* _How to complete this task_: Would you please return the lines of the entries below starting at the line that has "list \<Rightarrow> bool list \<Rightarrow>" and ending at the line that has "selects (possibly randomly, depending", both included, exactly as they are?

━━━ Given records ━━━

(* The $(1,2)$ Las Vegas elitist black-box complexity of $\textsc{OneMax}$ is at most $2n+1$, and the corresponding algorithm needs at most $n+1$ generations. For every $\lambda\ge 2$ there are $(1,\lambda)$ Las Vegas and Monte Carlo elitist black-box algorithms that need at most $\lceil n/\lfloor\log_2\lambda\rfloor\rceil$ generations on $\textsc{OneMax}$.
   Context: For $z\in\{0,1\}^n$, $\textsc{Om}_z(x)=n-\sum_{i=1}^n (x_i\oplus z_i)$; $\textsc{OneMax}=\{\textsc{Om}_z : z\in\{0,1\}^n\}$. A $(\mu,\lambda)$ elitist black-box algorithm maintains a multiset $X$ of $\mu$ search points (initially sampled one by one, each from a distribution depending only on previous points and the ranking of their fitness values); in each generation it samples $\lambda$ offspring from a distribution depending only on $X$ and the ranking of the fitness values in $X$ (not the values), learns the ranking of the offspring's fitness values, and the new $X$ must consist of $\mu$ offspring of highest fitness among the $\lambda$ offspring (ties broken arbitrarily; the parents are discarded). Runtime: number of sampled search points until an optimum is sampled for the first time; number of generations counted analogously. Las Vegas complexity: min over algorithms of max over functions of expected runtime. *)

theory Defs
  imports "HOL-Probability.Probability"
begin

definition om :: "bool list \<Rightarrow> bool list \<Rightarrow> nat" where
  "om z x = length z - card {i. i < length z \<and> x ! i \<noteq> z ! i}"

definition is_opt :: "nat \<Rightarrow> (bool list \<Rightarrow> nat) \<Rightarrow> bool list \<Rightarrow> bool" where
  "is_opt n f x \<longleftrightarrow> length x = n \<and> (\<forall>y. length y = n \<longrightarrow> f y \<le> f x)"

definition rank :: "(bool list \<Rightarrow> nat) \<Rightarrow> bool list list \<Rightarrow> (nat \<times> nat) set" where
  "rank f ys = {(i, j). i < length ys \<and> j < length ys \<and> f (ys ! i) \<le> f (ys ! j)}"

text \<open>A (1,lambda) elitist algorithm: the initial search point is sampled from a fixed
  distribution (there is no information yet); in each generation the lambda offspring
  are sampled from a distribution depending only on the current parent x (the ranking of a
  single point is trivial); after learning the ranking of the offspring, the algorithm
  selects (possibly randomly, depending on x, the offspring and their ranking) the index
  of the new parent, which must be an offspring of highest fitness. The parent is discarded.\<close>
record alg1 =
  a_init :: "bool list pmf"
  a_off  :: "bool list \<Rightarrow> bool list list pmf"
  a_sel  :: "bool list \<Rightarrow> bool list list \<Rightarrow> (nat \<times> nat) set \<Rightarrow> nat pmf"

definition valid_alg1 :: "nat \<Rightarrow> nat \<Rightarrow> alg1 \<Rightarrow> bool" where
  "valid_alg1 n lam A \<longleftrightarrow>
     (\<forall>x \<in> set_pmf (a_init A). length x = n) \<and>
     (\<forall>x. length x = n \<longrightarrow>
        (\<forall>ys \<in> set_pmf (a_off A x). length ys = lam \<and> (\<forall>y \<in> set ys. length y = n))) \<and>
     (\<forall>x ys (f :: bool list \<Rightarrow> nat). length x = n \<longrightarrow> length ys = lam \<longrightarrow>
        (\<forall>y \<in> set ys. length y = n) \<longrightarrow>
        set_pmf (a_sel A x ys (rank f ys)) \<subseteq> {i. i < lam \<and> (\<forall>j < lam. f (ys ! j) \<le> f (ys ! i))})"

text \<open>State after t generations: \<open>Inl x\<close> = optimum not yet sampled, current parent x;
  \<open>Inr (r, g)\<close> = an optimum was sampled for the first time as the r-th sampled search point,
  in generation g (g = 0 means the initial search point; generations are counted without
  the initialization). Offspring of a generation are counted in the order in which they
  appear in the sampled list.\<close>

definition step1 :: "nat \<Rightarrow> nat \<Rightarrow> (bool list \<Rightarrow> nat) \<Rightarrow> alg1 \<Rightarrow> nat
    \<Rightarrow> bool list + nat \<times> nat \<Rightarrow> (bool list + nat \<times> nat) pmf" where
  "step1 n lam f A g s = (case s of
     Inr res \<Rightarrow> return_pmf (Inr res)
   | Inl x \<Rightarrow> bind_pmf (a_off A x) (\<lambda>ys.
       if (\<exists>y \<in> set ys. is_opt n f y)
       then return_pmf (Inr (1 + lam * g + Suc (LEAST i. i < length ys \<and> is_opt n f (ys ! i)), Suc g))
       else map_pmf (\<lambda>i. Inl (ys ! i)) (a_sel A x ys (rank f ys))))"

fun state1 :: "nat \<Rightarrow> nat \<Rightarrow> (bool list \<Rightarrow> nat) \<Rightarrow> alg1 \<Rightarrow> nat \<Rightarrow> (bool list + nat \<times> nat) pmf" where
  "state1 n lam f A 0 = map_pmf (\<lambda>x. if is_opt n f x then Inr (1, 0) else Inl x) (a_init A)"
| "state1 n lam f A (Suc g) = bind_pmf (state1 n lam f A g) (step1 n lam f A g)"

━━━
━━━ Given records ━━━

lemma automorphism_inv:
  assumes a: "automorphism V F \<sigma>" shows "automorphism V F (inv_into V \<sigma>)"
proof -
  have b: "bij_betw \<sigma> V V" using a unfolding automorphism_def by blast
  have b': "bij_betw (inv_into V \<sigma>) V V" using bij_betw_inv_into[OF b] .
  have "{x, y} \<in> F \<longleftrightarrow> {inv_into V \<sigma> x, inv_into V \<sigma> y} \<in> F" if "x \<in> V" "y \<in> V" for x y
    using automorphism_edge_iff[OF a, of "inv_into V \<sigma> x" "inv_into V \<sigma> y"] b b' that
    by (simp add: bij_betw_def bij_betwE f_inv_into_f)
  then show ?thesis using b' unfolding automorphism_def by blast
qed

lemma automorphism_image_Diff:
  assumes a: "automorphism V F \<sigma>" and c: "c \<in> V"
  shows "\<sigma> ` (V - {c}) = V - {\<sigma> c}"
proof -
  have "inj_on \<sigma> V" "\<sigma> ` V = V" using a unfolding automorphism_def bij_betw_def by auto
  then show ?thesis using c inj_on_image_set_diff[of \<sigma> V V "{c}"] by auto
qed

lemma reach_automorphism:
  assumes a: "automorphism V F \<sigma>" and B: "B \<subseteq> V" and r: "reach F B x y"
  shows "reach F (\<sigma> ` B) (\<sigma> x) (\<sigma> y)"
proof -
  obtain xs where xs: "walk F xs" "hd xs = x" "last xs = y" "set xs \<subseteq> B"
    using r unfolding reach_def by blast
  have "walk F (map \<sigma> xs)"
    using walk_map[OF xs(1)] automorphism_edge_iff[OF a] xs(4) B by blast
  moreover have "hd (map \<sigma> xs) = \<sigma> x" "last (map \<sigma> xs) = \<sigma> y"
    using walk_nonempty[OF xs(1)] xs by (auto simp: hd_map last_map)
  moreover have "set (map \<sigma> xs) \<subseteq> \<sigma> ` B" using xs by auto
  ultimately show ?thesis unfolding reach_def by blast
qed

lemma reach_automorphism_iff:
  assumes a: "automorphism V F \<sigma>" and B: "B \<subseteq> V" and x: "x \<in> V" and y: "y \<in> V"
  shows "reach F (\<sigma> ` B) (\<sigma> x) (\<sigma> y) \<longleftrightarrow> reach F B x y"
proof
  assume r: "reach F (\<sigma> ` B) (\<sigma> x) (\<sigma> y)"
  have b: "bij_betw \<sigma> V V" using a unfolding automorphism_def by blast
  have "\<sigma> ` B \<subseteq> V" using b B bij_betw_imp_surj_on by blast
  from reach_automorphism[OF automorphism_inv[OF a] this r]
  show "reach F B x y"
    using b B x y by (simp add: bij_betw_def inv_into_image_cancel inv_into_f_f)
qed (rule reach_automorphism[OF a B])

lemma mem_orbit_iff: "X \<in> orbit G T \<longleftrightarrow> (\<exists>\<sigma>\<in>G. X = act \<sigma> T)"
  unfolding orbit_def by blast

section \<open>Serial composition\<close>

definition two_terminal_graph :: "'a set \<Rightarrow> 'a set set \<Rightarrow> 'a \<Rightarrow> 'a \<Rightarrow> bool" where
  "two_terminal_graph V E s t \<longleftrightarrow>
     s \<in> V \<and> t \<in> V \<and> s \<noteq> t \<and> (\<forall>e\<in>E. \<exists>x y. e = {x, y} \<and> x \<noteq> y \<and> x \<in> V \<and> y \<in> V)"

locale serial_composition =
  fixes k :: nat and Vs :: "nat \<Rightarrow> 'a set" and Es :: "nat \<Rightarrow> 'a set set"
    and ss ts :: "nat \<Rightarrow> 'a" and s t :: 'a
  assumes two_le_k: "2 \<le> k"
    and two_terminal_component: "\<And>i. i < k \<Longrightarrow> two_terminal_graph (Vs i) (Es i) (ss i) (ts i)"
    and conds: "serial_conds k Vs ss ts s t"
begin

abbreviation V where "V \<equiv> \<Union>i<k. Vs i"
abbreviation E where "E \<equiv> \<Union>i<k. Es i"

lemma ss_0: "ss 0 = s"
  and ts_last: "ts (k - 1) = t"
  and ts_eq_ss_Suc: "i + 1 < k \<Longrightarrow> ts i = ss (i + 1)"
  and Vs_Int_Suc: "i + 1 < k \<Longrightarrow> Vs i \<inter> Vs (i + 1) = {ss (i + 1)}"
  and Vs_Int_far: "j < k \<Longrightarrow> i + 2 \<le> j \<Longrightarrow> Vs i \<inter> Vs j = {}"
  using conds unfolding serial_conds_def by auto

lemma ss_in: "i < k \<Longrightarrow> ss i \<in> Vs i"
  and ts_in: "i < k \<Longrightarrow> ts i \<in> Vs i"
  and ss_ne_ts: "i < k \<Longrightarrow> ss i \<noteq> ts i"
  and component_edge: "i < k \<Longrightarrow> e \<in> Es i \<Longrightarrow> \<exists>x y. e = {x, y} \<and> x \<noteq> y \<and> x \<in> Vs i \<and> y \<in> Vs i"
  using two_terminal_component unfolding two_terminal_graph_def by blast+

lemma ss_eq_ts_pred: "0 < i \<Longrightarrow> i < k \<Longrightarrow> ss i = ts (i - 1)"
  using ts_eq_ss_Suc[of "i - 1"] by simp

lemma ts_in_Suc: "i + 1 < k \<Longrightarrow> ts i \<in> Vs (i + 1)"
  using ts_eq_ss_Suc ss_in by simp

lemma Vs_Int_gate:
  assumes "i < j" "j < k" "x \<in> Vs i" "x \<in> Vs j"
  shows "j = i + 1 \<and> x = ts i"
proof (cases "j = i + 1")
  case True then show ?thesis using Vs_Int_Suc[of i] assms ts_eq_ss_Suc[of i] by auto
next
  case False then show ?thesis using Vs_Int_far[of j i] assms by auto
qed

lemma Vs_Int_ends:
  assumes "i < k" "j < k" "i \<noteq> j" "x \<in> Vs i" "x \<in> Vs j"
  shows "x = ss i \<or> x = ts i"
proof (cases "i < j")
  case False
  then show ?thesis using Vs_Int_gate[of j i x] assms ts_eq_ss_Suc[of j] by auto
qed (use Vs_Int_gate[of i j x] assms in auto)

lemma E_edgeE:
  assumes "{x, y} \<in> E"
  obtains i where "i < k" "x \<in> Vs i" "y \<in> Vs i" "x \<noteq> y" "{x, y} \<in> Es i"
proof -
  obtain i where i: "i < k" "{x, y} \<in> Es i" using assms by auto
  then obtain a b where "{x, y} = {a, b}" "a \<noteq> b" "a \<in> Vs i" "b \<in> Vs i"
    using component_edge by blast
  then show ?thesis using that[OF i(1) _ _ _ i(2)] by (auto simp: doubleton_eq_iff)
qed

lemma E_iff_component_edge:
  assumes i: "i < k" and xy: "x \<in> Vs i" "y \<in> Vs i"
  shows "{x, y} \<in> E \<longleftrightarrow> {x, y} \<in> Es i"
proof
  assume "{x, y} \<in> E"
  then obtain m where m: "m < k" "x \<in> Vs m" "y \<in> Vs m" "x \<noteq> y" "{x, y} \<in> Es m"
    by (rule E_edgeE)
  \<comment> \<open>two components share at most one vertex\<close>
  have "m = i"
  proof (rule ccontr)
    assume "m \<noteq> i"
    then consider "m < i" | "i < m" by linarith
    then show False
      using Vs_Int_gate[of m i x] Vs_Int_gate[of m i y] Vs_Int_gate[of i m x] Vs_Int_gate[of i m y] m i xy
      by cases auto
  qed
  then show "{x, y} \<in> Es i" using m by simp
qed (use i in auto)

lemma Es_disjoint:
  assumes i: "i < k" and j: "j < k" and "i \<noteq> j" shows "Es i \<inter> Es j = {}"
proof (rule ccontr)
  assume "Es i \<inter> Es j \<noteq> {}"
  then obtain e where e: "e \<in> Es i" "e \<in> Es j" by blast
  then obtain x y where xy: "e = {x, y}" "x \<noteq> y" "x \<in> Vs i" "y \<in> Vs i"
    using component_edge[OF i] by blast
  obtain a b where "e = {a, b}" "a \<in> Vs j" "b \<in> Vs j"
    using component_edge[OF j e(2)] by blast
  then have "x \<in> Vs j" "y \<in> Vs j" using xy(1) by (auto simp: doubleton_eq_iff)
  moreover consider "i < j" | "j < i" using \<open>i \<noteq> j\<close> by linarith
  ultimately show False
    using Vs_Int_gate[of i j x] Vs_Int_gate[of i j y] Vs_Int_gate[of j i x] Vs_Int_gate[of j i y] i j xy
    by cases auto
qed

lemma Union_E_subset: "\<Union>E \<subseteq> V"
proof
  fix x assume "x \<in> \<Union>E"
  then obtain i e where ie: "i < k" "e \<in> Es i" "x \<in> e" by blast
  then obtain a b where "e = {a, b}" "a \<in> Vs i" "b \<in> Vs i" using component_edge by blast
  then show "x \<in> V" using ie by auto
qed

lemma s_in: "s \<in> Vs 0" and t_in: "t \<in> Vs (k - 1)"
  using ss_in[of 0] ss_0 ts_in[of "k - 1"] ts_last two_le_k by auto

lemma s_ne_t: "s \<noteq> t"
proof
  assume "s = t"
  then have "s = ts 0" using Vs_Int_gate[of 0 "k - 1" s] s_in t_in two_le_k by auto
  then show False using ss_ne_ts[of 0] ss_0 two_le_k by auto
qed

━━━

* _Answer section_:
definition om :: "bool list \<Rightarrow> bool list \<Rightarrow> nat" where
  "om z x = length z - card {i. i < length z \<and> x ! i \<noteq> z ! i}"

definition is_opt :: "nat \<Rightarrow> (bool list \<Rightarrow> nat) \<Rightarrow> bool list \<Rightarrow> bool" where
  "is_opt n f x \<longleftrightarrow> length x = n \<and> (\<forall>y. length y = n \<longrightarrow> f y \<le> f x)"

definition rank :: "(bool list \<Rightarrow> nat) \<Rightarrow> bool list list \<Rightarrow> (nat \<times> nat) set" where
  "rank f ys = {(i, j). i < length ys \<and> j < length ys \<and> f (ys ! i) \<le> f (ys ! j)}"

text \<open>A (1,lambda) elitist algorithm: the initial search point is sampled from a fixed
  distribution (there is no information yet); in each generation the lambda offspring
  are sampled from a distribution depending only on the current parent x (the ranking of a
  single point is trivial); after learning the ranking of the offspring, the algorithm
  selects (possibly randomly, depending on x, the offspring and their ranking) the index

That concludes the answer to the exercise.